Luli and the Language of Tea; Quiet Time with My Seeya
Reviewed by Miriam Moore-Keish
Miriam Moore-Keish is a children’s book publisher at Capstone Publishing in
Minneapolis, Minnesota. She also writes books and regularly collaborates with the
nonprofit organization We Need Diverse Books.

Luli and the Language of Tea
Andrea Wang
New York: Neal Porter Books/Holiday House, 2022
Quiet Time with My Seeya
Dinalie Dabarera
New York: Roaring Brook Press/Macmillan Children’s Publishing Group, 2023
Silence in the Playroom
How do we communicate without language? As a writer and publisher—someone who relies on words—this is a question I like to avoid if I want to pay my rent. Two recently published children’s books, Luli and the Language of Tea by Andrea Wang and Quiet Time with My Seeya by Dinalie Dabarera, confront language barriers and find community and love in play, in gathering around a table, and in sharing a cup of tea.
Luli and the Language of Tea begins with Luli walking into her ESL (English as a second language) class. She doesn’t speak English. Neither does anyone else there. Luli notices that the room is silent as the students all play alone. She pulls out her thermos of tea and calls out in her native language, Chinese, “Chá!”

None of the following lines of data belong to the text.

theorem uniform_boundedness_inner:
  fixes u :: "'i \<Rightarrow> 'a::{real_inner,complete_space}"
  assumes pointwise_bounded: "\<And>y. \<exists>K. \<forall>n. \<bar>inner (u n) y\<bar> \<le> K"
  shows "\<exists>B. \<forall>n. norm (u n) \<le> B"
proof -
  define F where "F k = {y. \<forall>n. \<bar>inner (u n) y\<bar> \<le> real k}" for k :: nat
  have "closed (F k)" for k
  proof -
    have "F k = (\<Inter>n. {y. \<bar>inner (u n) y\<bar> \<le> real k})" unfolding F_def by auto
    moreover have "closed {y. \<bar>inner (u n) y\<bar> \<le> real k}" for n
      by (intro closed_Collect_le continuous_intros)
    ultimately show ?thesis by auto
  qed
  moreover have "\<Union>(range F) = UNIV"
  proof -
    have "\<exists>k::nat. y \<in> F k" for y
    proof -
      obtain K where "\<forall>n. \<bar>inner (u n) y\<bar> \<le> K" using pointwise_bounded by blast
      then have "y \<in> F (nat \<lceil>K\<rceil>)"
        unfolding F_def by (auto intro: order.trans[OF _ real_nat_ceiling_ge])
      then show ?thesis ..
    qed
    then show ?thesis by auto
  qed
  ultimately obtain k x0 r where r: "r > 0" and ball: "ball x0 r \<subseteq> F k"
    using closed_cover_contains_ball by blast
  have "norm (u n) \<le> 4 * real k / r" for n
  proof (cases "u n = 0")
    case True
    then show ?thesis using r by simp
  next
    case False
    \<comment> \<open>compare \<open>x0\<close> with \<open>x0 + h\<close>, where \<open>h\<close> has length \<open>r/2\<close> and points along \<open>u n\<close>\<close>
    define h where "h = (r/2 / norm (u n)) *\<^sub>R u n"
    have "x0 + h \<in> ball x0 r" using False r by (simp add: h_def dist_norm)
    then have "\<bar>inner (u n) (x0 + h)\<bar> \<le> real k" using ball unfolding F_def by blast
    moreover have "\<bar>inner (u n) x0\<bar> \<le> real k"
      using ball centre_in_ball[of x0 r] r unfolding F_def by blast
    moreover have "inner (u n) h = r/2 * norm (u n)"
      using False by (simp add: h_def power2_norm_eq_inner[symmetric] power2_eq_square)
    ultimately have "r/2 * norm (u n) \<le> 2 * real k" by (simp add: inner_add_right)
    then show ?thesis using r by (simp add: field_simps)
  qed
  then show ?thesis by blast
qed

corollary hwconv_imp_bounded:
  fixes u :: "nat \<Rightarrow> 'a::{real_inner,complete_space}"
  assumes "hwconv u v"
  shows "\<exists>B. \<forall>n. norm (u n) \<le> B"
proof (rule uniform_boundedness_inner)
  fix y
  have "(\<lambda>n. inner (u n) y) \<longlonglongrightarrow> inner v y" using assms unfolding hwconv_def by blast
  then have "Bseq (\<lambda>n. inner (u n) y)" using convergent_def convergent_imp_Bseq by blast
  then show "\<exists>K. \<forall>n. \<bar>inner (u n) y\<bar> \<le> K" unfolding Bseq_def by auto
qed

lemma l2_sq_summable: "f \<in> l2 \<Longrightarrow> (\<lambda>i. (f i)\<^sup>2) summable_on A"
  unfolding l2_def using summable_on_subset by blast

lemma l2_sq_infsum_nonneg: "infsum (\<lambda>i. (f i)\<^sup>2) A \<ge> (0::real)"
  by (rule infsum_nonneg) simp

lemma l2_sq_infsum_mono: "f \<in> l2 \<Longrightarrow> infsum (\<lambda>i. (f i)\<^sup>2) A \<le> infsum (\<lambda>i. (f i)\<^sup>2) UNIV"
  by (rule infsum_mono2) (auto intro: l2_sq_summable)

lemma l2_coordinate_sq_le: "f \<in> l2 \<Longrightarrow> (f i)\<^sup>2 \<le> infsum (\<lambda>i. (f i)\<^sup>2) UNIV"
  using finite_sum_le_infsum[of "\<lambda>i. (f i)\<^sup>2" UNIV "{i}"] l2_sq_summable[of f UNIV] by simp

lemma l2_norm_le_imp_sq_infsum_le:
  assumes "l2_norm f \<le> B"
  shows "infsum (\<lambda>i. (f i)\<^sup>2) UNIV \<le> B\<^sup>2"
proof -
  have "infsum (\<lambda>i. (f i)\<^sup>2) UNIV = (l2_norm f)\<^sup>2"
    unfolding l2_norm_def using l2_sq_infsum_nonneg[of f UNIV] by simp
  also have "\<dots> \<le> B\<^sup>2"
    using assms l2_sq_infsum_nonneg by (intro power_mono) (auto simp: l2_norm_def)
  finally show ?thesis .
qed

lemma infsum_split_finite:
  fixes h :: "'l \<Rightarrow> 'a::banach"
  assumes "h summable_on UNIV" "finite F"
  shows "infsum h UNIV = sum h F + infsum h (-F)"
proof -
  have "infsum h (F \<union> -F) = infsum h F + infsum h (-F)"
    by (rule infsum_Un_disjoint) (auto intro: summable_on_subset_banach[OF assms(1)])
  then show ?thesis using assms(2) by simp
qed

lemma l2_tail_small:
  assumes "g \<in> l2" "e > 0"
  shows "\<exists>F. finite F \<and> infsum (\<lambda>i. (g i)\<^sup>2) (-F) \<le> e"
proof -
  let ?h = "\<lambda>i. (g i)\<^sup>2"
  have summable: "?h summable_on UNIV" using assms(1) unfolding l2_def by simp
  then have "\<forall>\<^sub>F F in finite_subsets_at_top UNIV. dist (sum ?h F) (infsum ?h UNIV) < e"
    using infsum_tendsto assms(2) tendstoD by blast
  then obtain F where F: "finite F" "dist (sum ?h F) (infsum ?h UNIV) < e"
    unfolding eventually_finite_subsets_at_top by blast
  then show ?thesis
    using infsum_split_finite[OF summable F(1)] by (intro exI[of _ F]) (auto simp: dist_real_def)
qed

lemma abs_mult_le_weighted_squares:
  fixes a b t :: real
  assumes "t > 0"
  shows "\<bar>a * b\<bar> \<le> t/2 * a\<^sup>2 + 1/(2*t) * b\<^sup>2"
proof -
  have "2*t*\<bar>a*b\<bar> \<le> t\<^sup>2*a\<^sup>2 + b\<^sup>2"
    using zero_le_power2[of "t*\<bar>a\<bar> - \<bar>b\<bar>"] by (simp add: power2_eq_square abs_mult algebra_simps)
  then show ?thesis using assms by (simp add: field_simps power2_eq_square)
qed
theorem theorem5:
  fixes V :: "'a set" and E :: "'a \<Rightarrow> 'a \<Rightarrow> bool"
    and vs :: "'a list" and as :: "('a \<times> 'a) list"
    and n m :: nat and a b c u :: complex
    and d C S U :: "complex mat"
  assumes "simple_graph V E" and "connected_graph V E"
    and "distinct vs" and "set vs = V" and "n = length vs"
    and "distinct as" and "set as = arcs E" and "m = card (edges E)"
    and "c = a - b"
    and "d \<in> carrier_mat n (2 * m)"
    and "d * mat_adjoint d = 1\<^sub>m n"
    and "S = reversal_mat as"
    and "C = a \<cdot>\<^sub>m (mat_adjoint d * d) + b \<cdot>\<^sub>m (1\<^sub>m (2 * m) - mat_adjoint d * d)"
    and "U = S * C"
    and "b\<^sup>2 * u\<^sup>2 \<noteq> 1"
  shows "det (1\<^sub>m (2 * m) - u \<cdot>\<^sub>m U) =
    (1 - b\<^sup>2 * u\<^sup>2) powi (int m - int n) *
    det ((1 - a * b * u\<^sup>2) \<cdot>\<^sub>m 1\<^sub>m n - (c * u) \<cdot>\<^sub>m (d * S * mat_adjoint d))"
proof -
  define k where "k = 1 - b\<^sup>2 * u\<^sup>2"
  have "length as = 2 * m"
    using card_arcs[OF assms(1)] assms(6-8) distinct_card by metis
  then obtain \<sigma> where \<sigma>: "\<And>i. i < 2 * m \<Longrightarrow> \<sigma> i < 2 * m" "\<And>i. i < 2 * m \<Longrightarrow> \<sigma> (\<sigma> i) = i"
      "\<And>i. i < 2 * m \<Longrightarrow> \<sigma> i \<noteq> i" and S: "S = perm_mat (2 * m) \<sigma>"
    using reversal_mat_eq_perm_mat[OF assms(1,6,7)] assms(12) by metis
  have "det (1\<^sub>m (2 * m) - (- (u * b)) \<cdot>\<^sub>m S) = k ^ m"
    using det_one_minus_smult_perm_mat_involution[OF \<sigma>, of "- (u * b)"]
    unfolding S k_def by (simp add: power_mult_distrib mult.commute)
  moreover have adjoint: "mat_adjoint d \<in> carrier_mat (2 * m) n"
    using assms(10) by (auto simp: mat_adjoint_def)
  ultimately have "k ^ m * (k ^ n * det (1\<^sub>m (2 * m) - u \<cdot>\<^sub>m U)) = k ^ m * (k ^ m *
      det ((1 - a * b * u\<^sup>2) \<cdot>\<^sub>m 1\<^sub>m n - (c * u) \<cdot>\<^sub>m (d * S * mat_adjoint d)))"
    (is "k ^ m * (k ^ n * ?lhs) = k ^ m * (k ^ m * ?rhs)")
    using det_one_minus_walk[OF _ perm_mat_involution_squared[OF \<sigma>(1,2)] assms(10) adjoint
        assms(11), folded S, where a = a and b = b and u = u] assms(9,13-15)
    by (simp add: S k_def mult_2 power_add mult.assoc)
  moreover have "k \<noteq> 0"
    using assms(15) by (simp add: k_def)
  ultimately have "k ^ n * ?lhs = k ^ m * ?rhs"
    by simp
  with \<open>k \<noteq> 0\<close> show ?thesis
    unfolding k_def[symmetric] by (simp add: power_int_diff field_simps)
qed

end
lemma strip_padding: "map the (takeWhile (\<lambda>x. x \<noteq> None) (map Some \<alpha> @ replicate k None)) = \<alpha>"
  by (induction \<alpha>) (cases k; simp)+

lemma conv_inj: "conv \<alpha> \<beta> = conv \<alpha>' \<beta>' \<Longrightarrow> \<alpha> = \<alpha>' \<and> \<beta> = \<beta>'"
  by (metis map_fst_conv map_snd_conv strip_padding)

lemma regular_conv_fixed_fst:
  assumes M: "regular M" shows "regular {\<beta>. conv \<alpha> \<beta> \<in> M}"
proof -
  let ?T = "{\<beta>. conv \<alpha> \<beta> \<in> M}"
  let ?S = "(\<lambda>(k, X). {w. conv (drop k \<alpha>) w \<in> X}) ` ({..length \<alpha>} \<times> range (lquot M))"
  have "lquot ?T u \<in> ?S" for u
  proof -
    let ?k = "min (length u) (length \<alpha>)"
    have "drop (length u) \<alpha> = drop ?k \<alpha>" by (simp add: min_def)
    then have "lquot ?T u = {w. conv (drop ?k \<alpha>) w \<in> lquot M (conv (take (length u) \<alpha>) u)}"
      by (auto simp: lquot_def conv_append_right)
    then show ?thesis by force
  qed
  then have "range (lquot ?T) \<subseteq> ?S" by blast
  then show ?thesis
    using M unfolding regular_iff_finite_lquot
    by (meson finite_SigmaI finite_atMost finite_imageI finite_subset)
qed

lemma regular_conv_single:
  assumes T: "regular T" and A: "finite A" and TA: "T \<subseteq> plus A"
  shows "regular (conv [c] ` T)"
proof -
  have conv_single: "conv [c] (b # \<beta>) = (Some c, Some b) # map (\<lambda>b. (None, Some b)) \<beta>" for b \<beta>
    by (simp add: conv_Nil_left)
  have "conv [c] ` T = (\<Union>b\<in>A. (#) (Some c, Some b) ` map (\<lambda>b. (None, Some b)) ` lquot T [b])"
  proof (intro set_eqI iffI)
    fix w assume "w \<in> conv [c] ` T"
    then obtain b \<beta> where "b # \<beta> \<in> T" "b \<in> A" "w = conv [c] (b # \<beta>)"
      using TA by (auto simp: plus_def neq_Nil_conv)
    then show "w \<in> (\<Union>b\<in>A. (#) (Some c, Some b) ` map (\<lambda>b. (None, Some b)) ` lquot T [b])"
      by (auto simp: conv_single conv_Nil_left lquot_def)
  next
    fix w assume "w \<in> (\<Union>b\<in>A. (#) (Some c, Some b) ` map (\<lambda>b. (None, Some b)) ` lquot T [b])"
    then obtain b \<beta> where "b # \<beta> \<in> T" "w = conv [c] (b # \<beta>)"
      by (auto simp: lquot_def conv_single conv_Nil_left)
    then show "w \<in> conv [c] ` T" by blast
  qed
  moreover have "inj (\<lambda>b. (None :: 'a option, Some b))"
    by (simp add: inj_def)
  ultimately show ?thesis
    using A by (auto intro!: regular_UN regular_image_Cons regular_image_map_inj regular_lquot T)
qed

lemma plus_append: "u \<in> plus A \<Longrightarrow> w \<in> plus A \<Longrightarrow> u @ w \<in> plus A"
  by (simp add: plus_def)

lemma is_congruenceI:
  assumes "equiv (plus A) C"
    and "\<And>u v w. (u, v) \<in> C \<Longrightarrow> w \<in> plus A \<Longrightarrow> (w @ u, w @ v) \<in> C"
    and "\<And>u v w. (u, v) \<in> C \<Longrightarrow> w \<in> plus A \<Longrightarrow> (u @ w, v @ w) \<in> C"
  shows "is_congruence A C"
  using assms unfolding is_congruence_def by blast

context
  fixes A :: "'a set" and C :: "('a list \<times> 'a list) set"
  assumes cong: "is_congruence A C"
begin

lemma congruence_equiv: "equiv (plus A) C"
  using cong by (simp add: is_congruence_def)

lemma congruence_field: "(u, v) \<in> C \<Longrightarrow> u \<in> plus A \<and> v \<in> plus A"
  using equiv_class_eq_iff[OF congruence_equiv] by blast

lemma congruence_refl: "u \<in> plus A \<Longrightarrow> (u, u) \<in> C"
  using congruence_equiv by (simp add: equiv_def refl_on_def)

lemma congruence_sym: "(u, v) \<in> C \<Longrightarrow> (v, u) \<in> C"
  using congruence_equiv by (meson equiv_def symD)

lemma congruence_trans: "(u, v) \<in> C \<Longrightarrow> (v, w) \<in> C \<Longrightarrow> (u, w) \<in> C"
  using congruence_equiv by (meson equiv_def transD)

lemma congruence_class_eq: "(u, v) \<in> C \<Longrightarrow> (u, w) \<in> C \<longleftrightarrow> (v, w) \<in> C"
  using congruence_sym congruence_trans by meson

lemma congruence_context:
  assumes "(p, q) \<in> C" "u \<in> lists A" "v \<in> lists A"
  shows "(u @ p @ v, u @ q @ v) \<in> C"
proof -
  have left: "(u @ p, u @ q) \<in> C"
    using assms cong by (cases "u = []") (auto simp: is_congruence_def plus_def)
  show ?thesis
    using left assms(3) cong by (cases "v = []") (force simp: is_congruence_def plus_def)+
qed

lemma congruence_adjoin_Nil_equiv: "equiv (lists A) (insert ([], []) C)"
proof (rule equivI)
  have "(u, v) \<in> C \<Longrightarrow> u \<noteq> [] \<and> v \<noteq> []" for u v
    using congruence_field by (simp add: plus_def)
  then show "trans (insert ([], []) C)"
    by (auto intro!: transI intro: congruence_trans)
  show "sym (insert ([], []) C)"
    by (auto intro!: symI intro: congruence_sym)
  show "insert ([], []) C \<subseteq> lists A \<times> lists A"
    using congruence_field by (auto simp: plus_def)
  show "refl_on (lists A) (insert ([], []) C)"
  proof (rule refl_onI)
    show "(u, u) \<in> insert ([], []) C" if "u \<in> lists A" for u
      using that congruence_refl by (cases "u = []") (auto simp: plus_def)
  qed
qed

lemma congruence_adjoin_Nil_context:
  assumes "(p, q) \<in> insert ([], []) C" "u \<in> lists A" "v \<in> lists A"
  shows "(u @ p @ v, u @ q @ v) \<in> insert ([], []) C"
proof (cases "(p, q) = ([], [])")
  case True
  then show ?thesis
    using assms(2,3) congruence_adjoin_Nil_equiv by (simp add: equiv_def refl_on_def del: insert_iff)
next
  case False
  then show ?thesis using assms congruence_context by blast
qed

end

lemma is_congruence_Inter:
  assumes F: "F \<noteq> {}" "\<And>C. C \<in> F \<Longrightarrow> is_congruence A C"
  shows "is_congruence A (\<Inter>F)"
proof (rule is_congruenceI)
  show "equiv (plus A) (\<Inter>F)"
  proof (rule equivI)
    show "\<Inter>F \<subseteq> plus A \<times> plus A"
      using F congruence_field by fast
    show "refl_on (plus A) (\<Inter>F)"
      using F(2) congruence_refl by (fast intro: refl_onI)
    show "sym (\<Inter>F)"
      using F(2) congruence_sym by (fast intro: symI)
    show "trans (\<Inter>F)"
      using F(2) congruence_trans by (fast intro: transI)
  qed
qed (use F(2) in \<open>auto simp: is_congruence_def\<close>)

lemma cong_gen_is_congruence:
  assumes "R \<subseteq> plus A \<times> plus A" shows "is_congruence A (cong_gen A R)"
proof -
  have "is_congruence A (plus A \<times> plus A)"
    by (rule is_congruenceI) (auto simp: equiv_def refl_on_def sym_def trans_def intro: plus_append)
  then show ?thesis
    unfolding cong_gen_def using assms by (intro is_congruence_Inter) auto
qed

lemma cong_gen_least: "is_congruence A C \<Longrightarrow> R \<subseteq> C \<Longrightarrow> cong_gen A R \<subseteq> C"
  unfolding cong_gen_def by blast

lemma cong_gen_base: "R \<subseteq> cong_gen A R"
  unfolding cong_gen_def by blast

lemma is_congruence_restrict:
  assumes C: "is_congruence B C" and AB: "A \<subseteq> B"
  shows "is_congruence A (C \<inter> plus A \<times> plus A)"
proof (rule is_congruenceI)
  have "plus A \<subseteq> plus B" using AB by (auto simp: plus_def)
  then show "equiv (plus A) (C \<inter> plus A \<times> plus A)"
    using congruence_refl[OF C] congruence_sym[OF C] congruence_trans[OF C]
    by (intro equivI refl_onI symI transI) fast+
next
  fix u v w assume "(u, v) \<in> C \<inter> plus A \<times> plus A" "w \<in> plus A"
  moreover have "w \<in> lists B" using \<open>w \<in> plus A\<close> AB by (auto simp: plus_def)
  ultimately show "(w @ u, w @ v) \<in> C \<inter> plus A \<times> plus A"
    "(u @ w, v @ w) \<in> C \<inter> plus A \<times> plus A"
    using congruence_context[OF C, of u v w "[]"] congruence_context[OF C, of u v "[]" w]
    by (auto simp: plus_def)
qed

locale identity_adjunction =
  fixes A :: "'a set" and R :: "('a list \<times> 'a list) set" and e :: 'a
  assumes R_plus: "R \<subseteq> plus A \<times> plus A" and e_notin: "e \<notin> A"
begin

abbreviation B :: "'a set" where "B \<equiv> insert e A"

definition R1 :: "('a list \<times> 'a list) set" where
  "R1 = R \<union> {([e, a], [a]) | a. a \<in> A} \<union> {([a, e], [a]) | a. a \<in> A} \<union> {([e, e], [e])}"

“Té?” “Chai?” “Shay”? Students begin to recognize the sounds of each other’s words for tea, noticing more similarities than differences. With their varying tongues and tea traditions, the whole class gathers at a table and passes around teacups, sharing in the language of tea. When the tea runs out before Luli can get a cup, students all pour out a little from their own cups to give to their new friend. And afterwards, the playroom is no longer quiet.
Andrea Wang’s simple and understated picture book addresses the universal struggle to humanize and build relationships with those different from us. With so many unshared and unique experiences often posing challenges, it’s easy to fall into quiet and solitary play. How can we be more like Luli and un-silence our playrooms? The children in our lives may very well be able to guide us in that. The rich back matter of the picture book includes pronunciation guides for all the characters’ names, a map of where they come from, and some information about how tea is served in each of their home countries. Intricate end pages also include illustrations of the teacups traditionally used in each of the kids’ countries.
This text would fit well in liturgy or conversations with young people on World Communion Sunday, any communion Sunday, really, or even Pentecost. When we talk about gathering at a shared table, finding abundance where some might see scarcity, and understanding each other regardless of spoken language, the language of tea might be a good place to break the silence.
Dinalie Dabarera, though, challenges the pressure to break the silence. Her picture book, Quiet Time with My Seeya, embraces it. The protagonist /speaker tells readers on the first page, “Time with my Seeya is quiet time.” This English-speaking young girl and her Sinhalese-speaking grandfather spend a day together playing dress up, stomping in puddles, finding bugs, tending to the garden, and more. Sometimes they read books. They don’t always understand the words, but they get what the other means. I was lucky to speak with Dinalie in March for We Need Diverse Books (an organization that promotes diversity and representation in children’s literature) and ask about her exploration of cultural and language barriers in intergenerational family relationships. She recalled drawing inspiration for this story from her relationship with her grandmother, saying:
She doesn’t speak English and my Sinhalese is really poor, especially now. I was thinking about how our relationship has been so limited by this. But at the same time, my grandmother through my whole life—she’s been able to communicate how she loves me in so many different ways. Even when she was in her nursing home and I would go to visit, she would call me over to sit next to her and she would take my hand and hold it. Even though it was very difficult to tell her about what work I’d been doing or how my life was going, we would just sit together. For children, language isn’t as much a part of their relationships as it becomes when you’re an adult. You’re not always connecting with people through conversation, which, I think, is the way you do as adults, for the most part. So [Quiet Time with my Seeya] allowed me to focus on the play and fun and warmth of the relationship.
Rather than attempting to fill the playroom with noise and languages from around the world, the speaker of Quiet Time with my Seeya sits in the silence. It is here that she finds warmth and love. This book could be a conversation starter to ask about what we hear in the silence. What meaning is there? My pastor parents definitely “pulled an Ecclesiastes” on me as a loud elementary schooler, reminding me that there was a time to speak and a time to keep silent. But there is something else at play here. The speaker and her Seeya know their relationship through silence. What other silences are our young neighbors living in? This book provides a framework to ask them. At age three, I infamously told my mother that God wasn’t real because I spoke and God didn’t speak back. This isn’t a story limited to three-year-old Miriam. This book can be a text for anyone, regardless of faith, who may want or need the reminder that silence is not always absence. Perhaps it is also an invitation to those who plan and lead worship that silence is not absence. May we treat the silent sitting together in worship with the same reverence we do the loud words we speak.
Both Luli and the Language of Tea and Quiet Time with My Seeya ask: how do we communicate across difference and without shared language? It’s up to us readers, then, to decide when is the time to speak and when is the time to keep silent.